Explorers Club and Infiniti Celebrate Roy Chapman Andrews’ 1920s Gobi Desert Expedition with SUVs

Source: Infiniti.


The Explorers Club, Hong Kong Chapter (which for no real reason immediately brought to mind the Flying Elvises, Utah Chapter) and the Mongolian Institute of Paleontology and Geology (IPG) recently teamed up for a twenty day jaunt into the Gobi Desert to look for dinosaur fossil and to commemorate the 100th anniversary of Roy Chapman Andrews’ Central Asiatic Expedition.

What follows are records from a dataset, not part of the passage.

(* Let $f$ be a spectral density on $\Lambda$ and $\lambda_{1,n}(f)$ the smallest eigenvalue of $T_n(f)$. (a) If $\overline{E_f}=\Gamma_{2\alpha}(\theta_0)$ with $0<\alpha<\pi$, then $\limsup_{n\to\infty}\sqrt[n]{\lambda_{1,n}(f)}\le\sin^2(\alpha/2)$. (b) If $\overline{E_f}=\Gamma_{\alpha,\delta}(\theta_0)$ with $\alpha>0$, $\delta\ge0$, $\alpha+\delta\le\pi$, then $\limsup_{n\to\infty}\sqrt[n]{\lambda_{1,n}(f)}\le\sin(\alpha/2)\sin(\alpha/2+\delta)$.
   Context: $\Lambda=[-\pi,\pi]$. A spectral density is $f\ge0$, $f\in L^1(\Lambda)$, positive on a set of positive measure; $r(t)=\int_\Lambda e^{-it\lambda}f(\lambda)d\lambda$; $T_n(f)=(r(k-j))_{j,k=0,\dots,n}$. $E_f=\{e^{i\lambda}:f(\lambda)>0\}$ with closure $\overline{E_f}$ (the support of $f$ on the unit circle). For $\theta_0\in[-\pi,\pi)$: $\Gamma_{2\alpha}(\theta_0)=\{e^{i\theta}:|\theta-\theta_0|\le\alpha\}$; $\Gamma_{\alpha,\delta}(\theta_0)=\{e^{i\theta}:\delta\le|\theta-\theta_0|\le\delta+\alpha\}$. *)

theory Defs
  imports "HOL-Analysis.Analysis" "Jordan_Normal_Form.Char_Poly"
begin

definition spectral_density :: "(real \<Rightarrow> real) \<Rightarrow> bool" where
  "spectral_density f \<longleftrightarrow>
     (\<forall>l\<in>{-pi..pi}. 0 \<le> f l) \<and>
     set_integrable lborel {-pi..pi} f \<and>
     emeasure lborel {l\<in>{-pi..pi}. 0 < f l} > 0"

definition covar :: "(real \<Rightarrow> real) \<Rightarrow> int \<Rightarrow> complex" where
  "covar f t = (LINT l:{-pi..pi}|lborel. cis (- real_of_int t * l) * complex_of_real (f l))"

definition toeplitz :: "nat \<Rightarrow> (real \<Rightarrow> real) \<Rightarrow> complex mat" where
  "toeplitz n f = mat (n+1) (n+1) (\<lambda>(j,k). covar f (int k - int j))"

text \<open>Smallest eigenvalue lambda_{1,n}(f) of the Hermitian matrix T_n(f)
  (all its eigenvalues are real).\<close>
definition min_eig :: "nat \<Rightarrow> (real \<Rightarrow> real) \<Rightarrow> real" where
  "min_eig n f = Min {x::real. eigenvalue (toeplitz n f) (complex_of_real x)}"

definition E_set :: "(real \<Rightarrow> real) \<Rightarrow> complex set" where
  "E_set f = {cis l | l. l \<in> {-pi..pi} \<and> 0 < f l}"

definition Gamma_arc :: "real \<Rightarrow> real \<Rightarrow> complex set" where
  "Gamma_arc \<alpha> \<theta>0 = {cis \<theta> | \<theta>. \<bar>\<theta> - \<theta>0\<bar> \<le> \<alpha>}"

definition Gamma_two_arcs :: "real \<Rightarrow> real \<Rightarrow> real \<Rightarrow> complex set" where
  "Gamma_two_arcs \<alpha> \<delta> \<theta>0 = {cis \<theta> | \<theta>. \<delta> \<le> \<bar>\<theta> - \<theta>0\<bar> \<and> \<bar>\<theta> - \<theta>0\<bar> \<le> \<delta> + \<alpha>}"

end

theory Submission
  imports Defs
begin

text \<open>The quadratic form of \<open>T\<^sub>n(f)\<close> is \<open>v \<mapsto> \<integral> f(\<lambda>) |p\<^sub>v(e\<^bsup>-i\<lambda>\<^esup>)|\<^sup>2 d\<lambda>\<close>, where \<open>p\<^sub>v\<close> is the
  polynomial with coefficient vector \<open>v\<close>, so \<open>\<lambda>\<^bsub>1,n\<^esub>(f) \<parallel>v\<parallel>\<^sup>2 \<le> \<integral> f\<close> as soon as \<open>|p\<^sub>v| \<le> 1\<close> on the
  support of \<open>f\<close>. On \<open>\<Gamma>\<^bsub>\<alpha>,\<delta>\<^esub>(\<theta>\<^sub>0)\<close> the value \<open>cos (\<theta> - \<theta>\<^sub>0)\<close> ranges over \<open>[c - r, c + r]\<close> with
  \<open>r = sin (\<alpha>/2) sin (\<alpha>/2 + \<delta>)\<close>; the Chebyshev polynomial \<open>T\<^sub>k((z + 1/z - 2c) / (2r))\<close>, multiplied
  by \<open>z\<^sup>k\<close> and rotated by \<open>\<theta>\<^sub>0\<close>, is bounded by 1 there and has leading coefficient of modulus
  \<open>1 / (2 r\<^sup>k)\<close>. Hence \<open>\<lambda>\<^bsub>1,n\<^esub>(f) \<le> 4 (\<integral> f) r\<^bsup>2\<lfloor>n/2\<rfloor>\<^esup>\<close>, whose \<open>n\<close>-th root tends to \<open>r\<close>.
  A single arc is the case \<open>\<delta> = 0\<close>.\<close>

definition sesq_form ::
    "(nat \<Rightarrow> nat \<Rightarrow> complex) \<Rightarrow> nat \<Rightarrow> (nat \<Rightarrow> complex) \<Rightarrow> (nat \<Rightarrow> complex) \<Rightarrow> complex" where
  "sesq_form a N x y = (\<Sum>j<N. \<Sum>k<N. cnj (x j) * a j k * y k)"

definition sq_norm :: "nat \<Rightarrow> (nat \<Rightarrow> complex) \<Rightarrow> real" where
  "sq_norm N x = (\<Sum>i<N. (cmod (x i))\<^sup>2)"

lemma sesq_form_add_left: "sesq_form a N (\<lambda>i. x i + y i) z = sesq_form a N x z + sesq_form a N y z"
  unfolding sesq_form_def by (simp add: distrib_right sum.distrib)

lemma sesq_form_add_right: "sesq_form a N x (\<lambda>i. y i + z i) = sesq_form a N x y + sesq_form a N x z"
  unfolding sesq_form_def by (simp add: distrib_left sum.distrib)

lemma sesq_form_scale_left: "sesq_form a N (\<lambda>i. c * x i) y = cnj c * sesq_form a N x y"
  unfolding sesq_form_def by (simp add: sum_distrib_left mult_ac)

lemma sesq_form_scale_right: "sesq_form a N x (\<lambda>i. c * y i) = c * sesq_form a N x y"
  unfolding sesq_form_def by (simp add: sum_distrib_left mult_ac)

Point of order here: On his trip to Mongolia one hundred years ago, Andrews was actually working as a spy for the U.S. Office of Naval Intelligence during World War I. His more famous Central Asiatic Expeditions, where his team from the American Museum of Natural History made so many important paleontological discoveries, including the first dinosaur egg fossils, began in 1922.

That 1918 mission did result in valuable information that helped make his later scientific expeditions to Mongolia so successful – including his conviction that a motorized vehicle expedition was feasible.

Source: Infiniti.

For the 2018 trip, Infiniti provided three models of SUVs as transportation. Roy Chapman Andrews also used stock vehicles on his expedition, but he chose Dodge cars and Fulton one-ton trucks, in conjunction with a caravan of camels that stockpiled gasoline and other supplies along their route.

One of Roy Chapman Andrews’ motorized expeditions. Source: public domain
Source: Infiniti.

Media outlets that attended the recent trip include Maxim, the Robb Report, and Slashgear. Drones and satellite imagery were used to develop detailed maps, and 250 fossil localities and three possible new species were identified.